## YOUR INSTRUCTIONS
Each line of the records below that contains "subseteq" needs to be copied.

## DATASET EXCERPTS
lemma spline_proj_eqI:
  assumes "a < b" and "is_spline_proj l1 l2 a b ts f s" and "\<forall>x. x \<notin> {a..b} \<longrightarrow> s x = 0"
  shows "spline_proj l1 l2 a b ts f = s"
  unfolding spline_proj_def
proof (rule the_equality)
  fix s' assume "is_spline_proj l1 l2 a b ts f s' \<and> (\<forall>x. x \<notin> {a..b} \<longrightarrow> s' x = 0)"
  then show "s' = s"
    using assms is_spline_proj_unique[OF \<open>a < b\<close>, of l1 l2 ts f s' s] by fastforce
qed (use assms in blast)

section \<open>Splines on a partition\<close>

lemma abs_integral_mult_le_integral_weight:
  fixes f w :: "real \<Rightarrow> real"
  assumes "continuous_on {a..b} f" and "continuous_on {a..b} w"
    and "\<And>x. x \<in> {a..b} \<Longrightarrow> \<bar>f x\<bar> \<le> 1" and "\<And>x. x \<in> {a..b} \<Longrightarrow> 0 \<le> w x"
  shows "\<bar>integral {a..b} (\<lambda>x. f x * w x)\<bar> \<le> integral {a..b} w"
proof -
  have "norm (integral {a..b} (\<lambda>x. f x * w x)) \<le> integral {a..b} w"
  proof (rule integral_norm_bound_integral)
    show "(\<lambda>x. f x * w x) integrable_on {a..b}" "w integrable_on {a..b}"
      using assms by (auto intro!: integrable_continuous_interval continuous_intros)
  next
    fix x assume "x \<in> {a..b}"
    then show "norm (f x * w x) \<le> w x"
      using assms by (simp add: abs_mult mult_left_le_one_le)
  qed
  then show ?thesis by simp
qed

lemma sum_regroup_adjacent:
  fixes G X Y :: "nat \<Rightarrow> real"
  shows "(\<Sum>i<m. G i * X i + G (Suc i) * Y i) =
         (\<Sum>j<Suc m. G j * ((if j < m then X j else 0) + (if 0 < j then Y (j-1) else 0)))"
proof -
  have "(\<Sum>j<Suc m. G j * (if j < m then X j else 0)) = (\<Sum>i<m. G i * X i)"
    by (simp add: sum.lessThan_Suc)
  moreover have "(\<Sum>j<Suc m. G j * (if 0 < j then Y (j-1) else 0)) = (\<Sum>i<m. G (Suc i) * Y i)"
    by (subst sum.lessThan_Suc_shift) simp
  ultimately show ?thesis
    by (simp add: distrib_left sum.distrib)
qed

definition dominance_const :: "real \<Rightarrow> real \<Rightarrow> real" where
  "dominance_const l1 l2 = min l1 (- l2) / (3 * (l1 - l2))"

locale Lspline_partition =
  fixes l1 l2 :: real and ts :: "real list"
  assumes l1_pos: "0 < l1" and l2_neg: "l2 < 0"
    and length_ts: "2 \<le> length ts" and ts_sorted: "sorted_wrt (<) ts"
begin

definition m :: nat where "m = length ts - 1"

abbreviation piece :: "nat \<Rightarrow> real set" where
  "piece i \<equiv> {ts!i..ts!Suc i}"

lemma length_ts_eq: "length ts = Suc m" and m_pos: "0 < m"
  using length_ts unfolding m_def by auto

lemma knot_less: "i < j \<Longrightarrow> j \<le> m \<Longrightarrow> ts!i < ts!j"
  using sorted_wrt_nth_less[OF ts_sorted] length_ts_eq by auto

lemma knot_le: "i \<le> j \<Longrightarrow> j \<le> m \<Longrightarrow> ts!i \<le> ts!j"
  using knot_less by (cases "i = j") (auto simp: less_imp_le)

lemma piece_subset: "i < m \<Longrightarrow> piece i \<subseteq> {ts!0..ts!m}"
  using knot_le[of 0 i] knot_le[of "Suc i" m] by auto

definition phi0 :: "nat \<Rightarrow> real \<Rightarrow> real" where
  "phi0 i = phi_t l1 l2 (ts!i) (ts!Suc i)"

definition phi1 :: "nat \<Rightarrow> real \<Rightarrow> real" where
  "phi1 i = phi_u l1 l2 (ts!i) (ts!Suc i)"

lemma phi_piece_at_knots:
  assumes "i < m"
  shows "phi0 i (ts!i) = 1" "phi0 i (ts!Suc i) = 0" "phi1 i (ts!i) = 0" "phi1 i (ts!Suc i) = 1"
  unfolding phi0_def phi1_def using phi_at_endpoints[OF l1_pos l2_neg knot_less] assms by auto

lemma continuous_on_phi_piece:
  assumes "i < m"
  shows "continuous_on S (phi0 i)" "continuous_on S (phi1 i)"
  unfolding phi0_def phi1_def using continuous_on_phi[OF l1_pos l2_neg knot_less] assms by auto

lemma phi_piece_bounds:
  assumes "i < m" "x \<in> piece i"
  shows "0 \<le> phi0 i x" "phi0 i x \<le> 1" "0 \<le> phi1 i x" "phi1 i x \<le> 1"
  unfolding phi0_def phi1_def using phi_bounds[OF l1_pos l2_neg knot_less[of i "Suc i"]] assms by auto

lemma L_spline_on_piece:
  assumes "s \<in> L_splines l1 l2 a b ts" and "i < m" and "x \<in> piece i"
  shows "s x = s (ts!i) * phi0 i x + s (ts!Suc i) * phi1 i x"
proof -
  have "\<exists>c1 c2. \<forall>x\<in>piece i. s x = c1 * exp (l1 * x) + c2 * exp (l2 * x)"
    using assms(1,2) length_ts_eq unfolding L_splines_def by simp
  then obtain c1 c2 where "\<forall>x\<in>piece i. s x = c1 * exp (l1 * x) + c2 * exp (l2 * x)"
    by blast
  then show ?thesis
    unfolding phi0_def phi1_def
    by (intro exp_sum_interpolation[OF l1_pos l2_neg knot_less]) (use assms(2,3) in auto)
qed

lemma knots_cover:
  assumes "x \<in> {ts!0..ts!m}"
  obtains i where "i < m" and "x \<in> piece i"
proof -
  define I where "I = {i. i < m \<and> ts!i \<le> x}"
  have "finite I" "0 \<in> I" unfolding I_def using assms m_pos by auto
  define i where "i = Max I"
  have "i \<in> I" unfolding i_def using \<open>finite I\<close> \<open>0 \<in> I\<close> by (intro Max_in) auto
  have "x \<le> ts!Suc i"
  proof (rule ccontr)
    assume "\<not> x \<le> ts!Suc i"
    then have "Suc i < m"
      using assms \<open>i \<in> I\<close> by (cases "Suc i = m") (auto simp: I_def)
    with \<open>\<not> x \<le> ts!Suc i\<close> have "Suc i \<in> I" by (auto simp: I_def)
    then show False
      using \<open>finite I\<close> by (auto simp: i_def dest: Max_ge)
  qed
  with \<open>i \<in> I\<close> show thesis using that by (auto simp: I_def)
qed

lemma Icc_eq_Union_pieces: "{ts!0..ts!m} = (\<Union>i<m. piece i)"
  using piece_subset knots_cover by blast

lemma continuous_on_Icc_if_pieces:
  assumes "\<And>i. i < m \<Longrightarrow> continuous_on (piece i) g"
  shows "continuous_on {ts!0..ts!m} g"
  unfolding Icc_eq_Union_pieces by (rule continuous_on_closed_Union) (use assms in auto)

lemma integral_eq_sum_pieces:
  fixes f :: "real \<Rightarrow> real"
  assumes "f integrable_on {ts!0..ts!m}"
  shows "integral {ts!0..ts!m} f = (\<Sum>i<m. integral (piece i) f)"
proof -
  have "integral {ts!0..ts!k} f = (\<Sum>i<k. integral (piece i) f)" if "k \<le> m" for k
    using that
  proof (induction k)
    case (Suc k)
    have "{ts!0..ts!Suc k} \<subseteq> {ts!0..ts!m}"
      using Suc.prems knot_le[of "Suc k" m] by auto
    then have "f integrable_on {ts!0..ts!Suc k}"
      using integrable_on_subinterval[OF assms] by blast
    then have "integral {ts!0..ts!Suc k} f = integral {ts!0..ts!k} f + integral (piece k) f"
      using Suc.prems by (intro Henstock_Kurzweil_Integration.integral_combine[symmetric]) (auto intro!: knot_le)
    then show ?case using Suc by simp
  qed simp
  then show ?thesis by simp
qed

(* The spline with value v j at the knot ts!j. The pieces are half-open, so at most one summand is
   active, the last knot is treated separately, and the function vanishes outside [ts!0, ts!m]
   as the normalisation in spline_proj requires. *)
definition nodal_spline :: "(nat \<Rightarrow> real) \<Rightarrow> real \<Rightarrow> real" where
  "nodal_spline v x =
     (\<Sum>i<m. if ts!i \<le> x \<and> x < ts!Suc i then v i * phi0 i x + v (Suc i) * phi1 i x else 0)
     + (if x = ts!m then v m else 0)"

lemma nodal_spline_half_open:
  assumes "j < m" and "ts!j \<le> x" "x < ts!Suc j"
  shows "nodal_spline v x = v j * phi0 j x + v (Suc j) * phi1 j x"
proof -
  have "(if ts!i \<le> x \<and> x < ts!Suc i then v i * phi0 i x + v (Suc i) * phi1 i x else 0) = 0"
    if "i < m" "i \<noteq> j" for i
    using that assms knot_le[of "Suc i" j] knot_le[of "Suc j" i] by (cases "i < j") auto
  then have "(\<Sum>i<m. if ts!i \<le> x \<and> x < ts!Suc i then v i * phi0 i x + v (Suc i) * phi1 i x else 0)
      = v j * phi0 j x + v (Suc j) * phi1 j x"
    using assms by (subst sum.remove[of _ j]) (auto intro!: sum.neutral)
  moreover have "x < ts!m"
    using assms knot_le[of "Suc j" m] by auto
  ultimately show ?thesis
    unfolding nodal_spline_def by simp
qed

## EXERCISE RESULT
lemma piece_subset: "i < m \<Longrightarrow> piece i \<subseteq> {ts!0..ts!m}"
    have "{ts!0..ts!Suc k} \<subseteq> {ts!0..ts!m}"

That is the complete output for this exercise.